For real problems never use regular expressions for parsing. If the temptation is not lost, then read the article again.
META expressions consist of characters, strings, the sequence [], the alternative {}, the Kline star $, the symbol test by the condition @, and the evaluation of the expression !.
This is how the parsing of an integer looks like, with the simultaneous calculation of its actual value:
(deftype digit () '(member #\0 #\1 #\2 #\3 #\4 #\5 #\6 #\7 #\8 #\9))
(defun ctoi (d) (- (char-code d) #.(char-code #\0)))

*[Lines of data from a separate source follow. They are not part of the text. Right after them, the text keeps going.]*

lemma lin_prod_tau: "lin_prod (Suc m) (tau (-1) b) = lin (b 0) * lin_prod m b"
proof -
  have "lin_prod (Suc m) (tau (-1) b) = (\<Prod>i=Suc 0..Suc m. lin (b (int i - 1)))"
    by (simp add: lin_prod_def tau_apply)
  also have "\<dots> = (\<Prod>i=0..m. lin (b (int i)))"
    by (subst prod.shift_bounds_cl_Suc_ivl) simp
  also have "\<dots> = lin (b 0) * (\<Prod>i=Suc 0..m. lin (b (int i)))"
    by (subst prod.atLeast_Suc_atMost) simp_all
  also have "\<dots> = lin (b 0) * lin_prod m b"
    by (simp add: lin_prod_def)
  finally show ?thesis .
qed

lemma hfac_tau_Suc_Suc:
  "hfac (int m + 2) (tau (-1) b)
     = hfac (int m + 2) b + cst (b (int m + 1) - b 0) * hfac (int m + 1) b"
proof -
  let ?k = "Suc (Suc m)"
  have hfac_m2: "hfac (int m + 2) c = (lin_prod (Suc m) c * Hser) $ ?k" for c
    using hfac_eq_lin_prod_mult_Hser_nth[of ?k c] by (simp add: ac_simps)
  have hfac_m1: "hfac (int m + 1) c = (lin_prod m c * Hser) $ Suc m" for c
    using hfac_eq_lin_prod_mult_Hser_nth[of "Suc m" c] by (simp add: ac_simps)
  have "hfac (int m + 2) (tau (-1) b) - hfac (int m + 2) b
      = ((lin_prod (Suc m) (tau (-1) b) - lin_prod (Suc m) b) * Hser) $ ?k"
    unfolding hfac_m2 by (simp only: fps_sub_nth ring_distribs)
  also have "lin_prod (Suc m) (tau (-1) b) - lin_prod (Suc m) b
      = fps_const (cst (b (int m + 1) - b 0)) * (fps_X * lin_prod m b)"
    unfolding lin_prod_tau lin_prod_Suc[of m b] lin_def
    by (simp add: algebra_simps cst.hom_minus fps_const_sub[symmetric] del: fps_const_sub)
  also have "(fps_const (cst (b (int m + 1) - b 0)) * (fps_X * lin_prod m b) * Hser) $ ?k
      = cst (b (int m + 1) - b 0) * hfac (int m + 1) b"
    by (simp add: mult.assoc hfac_m1)
  finally show ?thesis by (simp add: algebra_simps)
qed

(defun parse-int (&aux (s +1) d (n 0))
(and
(matchit
[{#\+ [#\- !(setq s -1)] []}
@(digit d) !(setq n (ctoi d))
$[@(digit d) !(setq n (+ (* n 10) (ctoi d)))]])
(* s n)))
! Is a powerful META construct that allows you to do interesting things, such as modifying grammar on the flight.
META Core
META expressions are converted by reader-macros into an internal representation - the meta structure (the print function is only for debugging):
(defstruct (meta
(:print-function
(lambda (m s d &aux (char (meta-char m)) (form (meta-form m)))
(ecase char
((#\@ #\! #\$) (format s "~A~A" char form))
(#\[ (format s "[~{~A~^ ~}]" form))
(#\{ (format s "{~{~A~^ ~}}" form))))))
char
form)
(defun meta-reader (s c) (make-meta :char c :form (read s)))

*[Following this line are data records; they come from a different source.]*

(* Let $0<r<1$, let $(\alpha,s)$ be admissible and $\eta>0$. Then there is no Borel probability measure $\mu$ on $\mathbb{R}$ whose Cauchy transform $G_\mu(z)=\int\frac{\mu(dx)}{z-x}$ coincides with $G^{\alpha}_{s,r}$ on a set $\Gamma_{\eta,M}$ (for any $M>0$ for which $G^\alpha_{s,r}$ is defined there).
   Context: Branch conventions: for $w\in\mathbb{C}\setminus[0,\infty)$ and $p\in\{\alpha,1/\alpha\}$, $w^{p}:=e^{p\log_{(1)}w}$, where $\log_{(1)}$ is the branch of the logarithm with imaginary part in $(0,2\pi)$; for $w\in\mathbb{C}\setminus(-\infty,0]$, $w^{1/r}:=e^{\frac1r\operatorname{Log}w}$ (principal logarithm); $r^{1/\alpha}>0$. $\Gamma_{\eta,M}=\{z\in\mathbb{C}:\operatorname{Im}z>M,\ \operatorname{Im}z>\eta|\operatorname{Re}z|\}$. For $0<\alpha\le2$, $r>0$, $s\in\mathbb{C}\setminus\{0\}$, \[ G^{\alpha}_{s,r}(z)=-r^{1/\alpha}\left(\frac{1-\big(1-s(-\tfrac1z)^{\alpha}\big)^{1/r}}{s}\right)^{1/\alpha}, \] which is well defined and analytic on $\Gamma_{\eta,M}$ for $M$ large enough depending on $(\eta,s,r)$. A pair $(\alpha,s)$ ($\arg s\in(-\pi,\pi]$) is admissible if either $0<\alpha\le1$ and $(1-\alpha)\pi\le\arg s\le\pi$, or $1<\alpha\le2$ and $0\le\arg s\le(2-\alpha)\pi$. *)

theory Defs
  imports "HOL-Analysis.Analysis" "HOL-Probability.Probability"
begin

text \<open>Branch of the logarithm with imaginary part in (0, 2 pi), used on the complement of
  [0, infinity). (Its value on [0, infinity) is irrelevant.)\<close>
definition log1 :: "complex \<Rightarrow> complex" where
  "log1 w = (if Im w \<ge> 0 then Ln w else Ln w + 2 * pi * \<i>)"

definition pow1 :: "complex \<Rightarrow> real \<Rightarrow> complex" where
  "pow1 w p = exp (complex_of_real p * log1 w)"

definition powP :: "complex \<Rightarrow> real \<Rightarrow> complex" where
  "powP w p = exp (complex_of_real p * Ln w)"

definition Gasr :: "real \<Rightarrow> complex \<Rightarrow> real \<Rightarrow> complex \<Rightarrow> complex" where
  "Gasr \<alpha> s r z =
     - complex_of_real (r powr (1 / \<alpha>)) *
       pow1 ((1 - powP (1 - s * pow1 (- 1 / z) \<alpha>) (1 / r)) / s) (1 / \<alpha>)"

definition Gamma_cone :: "real \<Rightarrow> real \<Rightarrow> complex set" where
  "Gamma_cone \<eta> M = {z. Im z > M \<and> Im z > \<eta> * \<bar>Re z\<bar>}"

definition admissible :: "real \<Rightarrow> complex \<Rightarrow> bool" where
  "admissible \<alpha> s \<longleftrightarrow> s \<noteq> 0 \<and>
     ((0 < \<alpha> \<and> \<alpha> \<le> 1 \<and> (1 - \<alpha>) * pi \<le> Arg s \<and> Arg s \<le> pi) \<or>
      (1 < \<alpha> \<and> \<alpha> \<le> 2 \<and> 0 \<le> Arg s \<and> Arg s \<le> (2 - \<alpha>) * pi))"

definition cauchy_transform :: "real measure \<Rightarrow> complex \<Rightarrow> complex" where
  "cauchy_transform \<mu> z = integral\<^sup>L \<mu> (\<lambda>x. 1 / (z - complex_of_real x))"

end

theory Submission
  imports Defs
begin

(*
  For a probability measure mu and y > 0 the kernel iy/(iy - x) lies on the circle
  |w - 1/2| = 1/2, so iy G_mu(iy) lies in the closed disk |w - 1/2| <= 1/2.  On the
  imaginary axis G^alpha_{s,r} is explicit: iy G(iy) = h(t)^(1/alpha) with
  t = y^(-alpha) tau, tau = s e^(i alpha pi/2), h(t) = r (1 - (1 - t)^(1/r)) / t, and the
  binomial series gives h(t) = 1 - a t + b t^2 + O(t^3) with a = (1/r - 1)/2 > 0.
  Admissibility puts tau in the open left half plane, or makes alpha = 1 and tau purely
  imaginary.  In the first case Re (h^(1/alpha) - 1) ~ -(a/alpha) Re t > 0, in the
  second Re (h - 1) + |h - 1|^2 ~ (a^2 - b) |t|^2 > 0 (this uses r < 1); either way
  h(t)^(1/alpha) leaves the closed disk for all small t, i.e. for all large y, and such
  points iy lie in every cone Gamma_{eta,M}.
*)

subsection \<open>Elementary estimates: binomial series and logarithm\<close>

lemma norm_gchoose_le:
  fixes c :: real
  shows "norm ((complex_of_real c) gchoose n) \<le> (max 1 \<bar>c\<bar>) ^ n"
proof (induction n)
  case 0 then show ?case by simp
next
  case (Suc k)
  let ?K = "max 1 \<bar>c\<bar>"
  have rec: "(complex_of_real c) gchoose (Suc k)
      = ((complex_of_real c) gchoose k) * (complex_of_real c - of_nat k) / of_nat (Suc k)"
    using gbinomial_mult_1[of "complex_of_real c" k]
    by (simp add: field_simps del: of_nat_Suc)
  have "norm (complex_of_real c - of_nat k) \<le> \<bar>c\<bar> + k"
    by (metis norm_of_real norm_of_nat norm_triangle_ineq4 of_real_of_nat_eq)
  also have "\<bar>c\<bar> + k \<le> ?K * Suc k"
    using mult_right_mono[of 1 ?K "real k"] by (simp add: algebra_simps)
  finally have factor: "norm (complex_of_real c - of_nat k) / Suc k \<le> ?K"
    by (simp add: divide_le_eq del: of_nat_Suc)
  have "norm ((complex_of_real c) gchoose (Suc k))
      = norm ((complex_of_real c) gchoose k) * (norm (complex_of_real c - of_nat k) / Suc k)"
    unfolding rec by (simp add: norm_mult norm_divide del: of_nat_Suc)
  also have "\<dots> \<le> ?K ^ k * ?K"
    using Suc.IH factor by (intro mult_mono) auto
  finally show ?case by (simp add: mult.commute)
qed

Recognize META statements, nothing but the creation of meta structures:
(mapc #'(lambda (c) (set-macro-character c #'meta-reader)) '(#\@ #\$ #\!))
Recognize the sequence and alternatives:
(set-macro-character #\[
#'(lambda (s c) (make-meta :char c :form (read-delimited-list #\] s t))))
(set-macro-character #\{
#'(lambda (s c) (make-meta :char c :form (read-delimited-list #\} s t))))
(mapc #'(lambda (c) (set-macro-character c (get-macro-character #\) nil)))
'(#\] #\}))
And finally, the META compiler:
(defun compileit (x)
(typecase x
(meta
(ecase (meta-char x)
(#\! (meta-form x))
(#\[ `(and ,@(mapcar #'compileit (meta-form x))))
(#\{ `(or ,@(mapcar #'compileit (meta-form x))))
(#\$ `(not (do () ((not ,(compileit (meta-form x)))))))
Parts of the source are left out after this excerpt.